## Task to carry out:
The required output is every line from the beginning of the entries below through the line that includes "by (rule compact_continuous_image[OF", copied exactly.

## Data to use:
lemma max_root_strict_mono:
  assumes s: "s \<in> {0..1}" and ex: "\<exists>p. h s p \<le> c" and "c < c'"
  shows "max_root h c s < max_root h c' s"
proof -
  have "h s (max_root h c s) < c'"
    using max_root_eq[OF s ex] \<open>c < c'\<close> by simp
  then obtain q where "q > max_root h c s" "h s q \<le> c'"
    using sublevel_extends_right[OF s] by blast
  moreover have "q \<le> max_root h c' s"
    using le_max_root[OF s] \<open>h s q \<le> c'\<close> by blast
  ultimately show ?thesis
    by simp
qed

lemma closed_sublevel_projection: "closed {s\<in>{0..1}. \<exists>p\<in>{y..z}. h s p \<le> c}"
proof -
  define K where "K = {x \<in> {0..1} \<times> {y..z}. (\<lambda>(s, p). h s p) x \<le> (\<lambda>_. c) x}"
  have "closed K"
    unfolding K_def
    apply (rule continuous_on_closed_Collect_le)
      apply (rule continuous_on_subset[OF continuous])
    by (auto simp: closed_Times)
  then have "compact K"
    unfolding compact_eq_bounded_closed K_def
    by (auto intro: bounded_subset[of "{0..1} \<times> {y..z}"] simp: bounded_Times)
  then have "compact (fst ` K)"
    by (rule compact_continuous_image[OF continuous_on_fst[OF continuous_on_id]])
  moreover have "fst ` K = {s\<in>{0..1}. \<exists>p\<in>{y..z}. h s p \<le> c}"
    unfolding K_def
    apply (rule equalityI)
     apply (auto simp: image_iff)[1]
    by (clarsimp simp: image_iff) (metis fst_conv atLeastAtMost_iff)
  ultimately show ?thesis
    using compact_imp_closed by metis
qed

context
  fixes c R
  assumes ex: "\<forall>s\<in>{0..1}. \<exists>p. h s p \<le> c"
    and R: "\<And>s p. s \<in> {0..1} \<Longrightarrow> \<bar>p\<bar> \<ge> R \<Longrightarrow> h s p \<ge> c + 1"
begin

lemma max_root_bounded:
  assumes s: "s \<in> {0..1}"
  shows "\<bar>max_root h c s\<bar> < R"
proof (rule ccontr)
  assume "\<not> \<bar>max_root h c s\<bar> < R"
  then have "h s (max_root h c s) \<ge> c + 1"
    using R[OF s] by simp
  then show False
    using max_root_eq[OF s] ex s by simp
qed

lemma max_root_ge_iff:
  assumes s: "s \<in> {0..1}"
  shows "max_root h c s \<ge> y \<longleftrightarrow> (\<exists>p\<in>{y..R}. h s p \<le> c)"
proof
  assume "max_root h c s \<ge> y"
  then show "\<exists>p\<in>{y..R}. h s p \<le> c"
    using max_root_bounded[OF s] max_root_eq[OF s] ex s
    by (intro bexI[of _ "max_root h c s"]) auto
next
  assume "\<exists>p\<in>{y..R}. h s p \<le> c"
  then show "max_root h c s \<ge> y"
    using le_max_root[OF s] by force
qed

## Exercise result:
lemma max_root_strict_mono:
  assumes s: "s \<in> {0..1}" and ex: "\<exists>p. h s p \<le> c" and "c < c'"
  shows "max_root h c s < max_root h c' s"
proof -
  have "h s (max_root h c s) < c'"
    using max_root_eq[OF s ex] \<open>c < c'\<close> by simp
  then obtain q where "q > max_root h c s" "h s q \<le> c'"
    using sublevel_extends_right[OF s] by blast
  moreover have "q \<le> max_root h c' s"
    using le_max_root[OF s] \<open>h s q \<le> c'\<close> by blast
  ultimately show ?thesis
    by simp
qed

lemma closed_sublevel_projection: "closed {s\<in>{0..1}. \<exists>p\<in>{y..z}. h s p \<le> c}"
proof -
  define K where "K = {x \<in> {0..1} \<times> {y..z}. (\<lambda>(s, p). h s p) x \<le> (\<lambda>_. c) x}"
  have "closed K"
    unfolding K_def
    apply (rule continuous_on_closed_Collect_le)
      apply (rule continuous_on_subset[OF continuous])
    by (auto simp: closed_Times)
  then have "compact K"
    unfolding compact_eq_bounded_closed K_def
    by (auto intro: bounded_subset[of "{0..1} \<times> {y..z}"] simp: bounded_Times)
  then have "compact (fst ` K)"
    by (rule compact_continuous_image[OF continuous_on_fst[OF continuous_on_id]])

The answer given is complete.